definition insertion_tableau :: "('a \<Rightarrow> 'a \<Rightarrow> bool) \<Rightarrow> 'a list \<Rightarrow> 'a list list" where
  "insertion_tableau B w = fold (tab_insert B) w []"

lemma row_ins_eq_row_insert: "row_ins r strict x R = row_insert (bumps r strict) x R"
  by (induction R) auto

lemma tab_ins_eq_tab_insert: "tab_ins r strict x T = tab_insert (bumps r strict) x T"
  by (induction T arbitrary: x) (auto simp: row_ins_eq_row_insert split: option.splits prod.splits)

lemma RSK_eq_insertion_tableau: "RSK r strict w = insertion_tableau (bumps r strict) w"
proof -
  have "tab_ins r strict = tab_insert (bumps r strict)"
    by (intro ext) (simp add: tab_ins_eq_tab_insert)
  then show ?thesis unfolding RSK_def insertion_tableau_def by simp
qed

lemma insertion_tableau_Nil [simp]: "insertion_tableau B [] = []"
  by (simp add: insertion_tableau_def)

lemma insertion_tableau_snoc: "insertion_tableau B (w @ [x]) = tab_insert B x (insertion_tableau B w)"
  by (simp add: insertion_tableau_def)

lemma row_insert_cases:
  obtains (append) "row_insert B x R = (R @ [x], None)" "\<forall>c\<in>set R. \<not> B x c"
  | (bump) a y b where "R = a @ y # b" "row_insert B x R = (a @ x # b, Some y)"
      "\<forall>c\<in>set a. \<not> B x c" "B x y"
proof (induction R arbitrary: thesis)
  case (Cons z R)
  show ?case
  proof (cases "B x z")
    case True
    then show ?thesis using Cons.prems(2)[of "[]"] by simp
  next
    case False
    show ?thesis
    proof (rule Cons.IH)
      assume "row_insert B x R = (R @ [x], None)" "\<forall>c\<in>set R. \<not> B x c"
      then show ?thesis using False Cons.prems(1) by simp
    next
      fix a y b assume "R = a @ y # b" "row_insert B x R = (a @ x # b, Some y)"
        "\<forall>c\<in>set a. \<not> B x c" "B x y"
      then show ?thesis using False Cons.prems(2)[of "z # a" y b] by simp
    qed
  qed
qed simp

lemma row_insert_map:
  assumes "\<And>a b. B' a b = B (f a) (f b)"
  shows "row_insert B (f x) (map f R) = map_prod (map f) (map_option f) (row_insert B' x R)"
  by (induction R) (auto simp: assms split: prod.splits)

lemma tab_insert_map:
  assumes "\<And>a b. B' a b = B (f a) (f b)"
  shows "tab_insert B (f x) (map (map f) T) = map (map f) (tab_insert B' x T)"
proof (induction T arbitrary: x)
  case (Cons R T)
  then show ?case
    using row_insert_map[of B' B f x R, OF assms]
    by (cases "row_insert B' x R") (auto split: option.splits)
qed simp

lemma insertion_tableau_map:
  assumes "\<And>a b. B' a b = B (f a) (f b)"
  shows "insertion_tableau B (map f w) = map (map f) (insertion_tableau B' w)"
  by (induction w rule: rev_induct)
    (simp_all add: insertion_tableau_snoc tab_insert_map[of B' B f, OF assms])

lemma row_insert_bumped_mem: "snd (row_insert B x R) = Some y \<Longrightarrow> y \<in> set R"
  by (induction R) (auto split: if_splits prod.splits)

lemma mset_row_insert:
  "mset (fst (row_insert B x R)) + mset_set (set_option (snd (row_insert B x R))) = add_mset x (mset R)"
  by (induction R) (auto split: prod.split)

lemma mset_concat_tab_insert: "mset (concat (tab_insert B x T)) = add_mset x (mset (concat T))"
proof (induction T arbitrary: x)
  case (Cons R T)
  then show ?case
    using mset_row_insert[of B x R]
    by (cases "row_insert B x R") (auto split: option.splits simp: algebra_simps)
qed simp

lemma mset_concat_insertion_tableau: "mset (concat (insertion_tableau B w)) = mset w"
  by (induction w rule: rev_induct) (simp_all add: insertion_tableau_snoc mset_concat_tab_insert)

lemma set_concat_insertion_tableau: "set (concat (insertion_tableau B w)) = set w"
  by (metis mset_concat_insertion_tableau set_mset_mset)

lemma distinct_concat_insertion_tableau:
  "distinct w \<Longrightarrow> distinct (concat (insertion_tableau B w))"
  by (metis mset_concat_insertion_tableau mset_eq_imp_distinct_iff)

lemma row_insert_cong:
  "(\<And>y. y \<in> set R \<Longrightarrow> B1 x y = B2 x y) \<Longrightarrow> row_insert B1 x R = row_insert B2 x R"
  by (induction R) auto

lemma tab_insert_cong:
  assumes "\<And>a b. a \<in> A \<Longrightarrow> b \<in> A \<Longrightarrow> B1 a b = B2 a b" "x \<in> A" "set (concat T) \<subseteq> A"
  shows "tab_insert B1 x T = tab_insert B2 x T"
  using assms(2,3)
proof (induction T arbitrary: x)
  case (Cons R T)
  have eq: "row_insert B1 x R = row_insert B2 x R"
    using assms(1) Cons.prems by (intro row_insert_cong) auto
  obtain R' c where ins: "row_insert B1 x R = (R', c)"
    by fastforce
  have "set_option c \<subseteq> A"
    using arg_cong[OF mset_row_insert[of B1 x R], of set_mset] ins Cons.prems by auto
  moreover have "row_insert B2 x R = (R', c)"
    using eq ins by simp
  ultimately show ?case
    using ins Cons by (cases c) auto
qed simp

::::::::::

Problem description: Lines containing the word "assms" must all be returned from the material above.

Written solution:
  by (induction R) (auto simp: assms split: prod.splits)
    using row_insert_map[of B' B f x R, OF assms]
    (simp_all add: insertion_tableau_snoc tab_insert_map[of B' B f, OF assms])
  using assms(2,3)
    using assms(1) Cons.prems by (intro row_insert_cong) auto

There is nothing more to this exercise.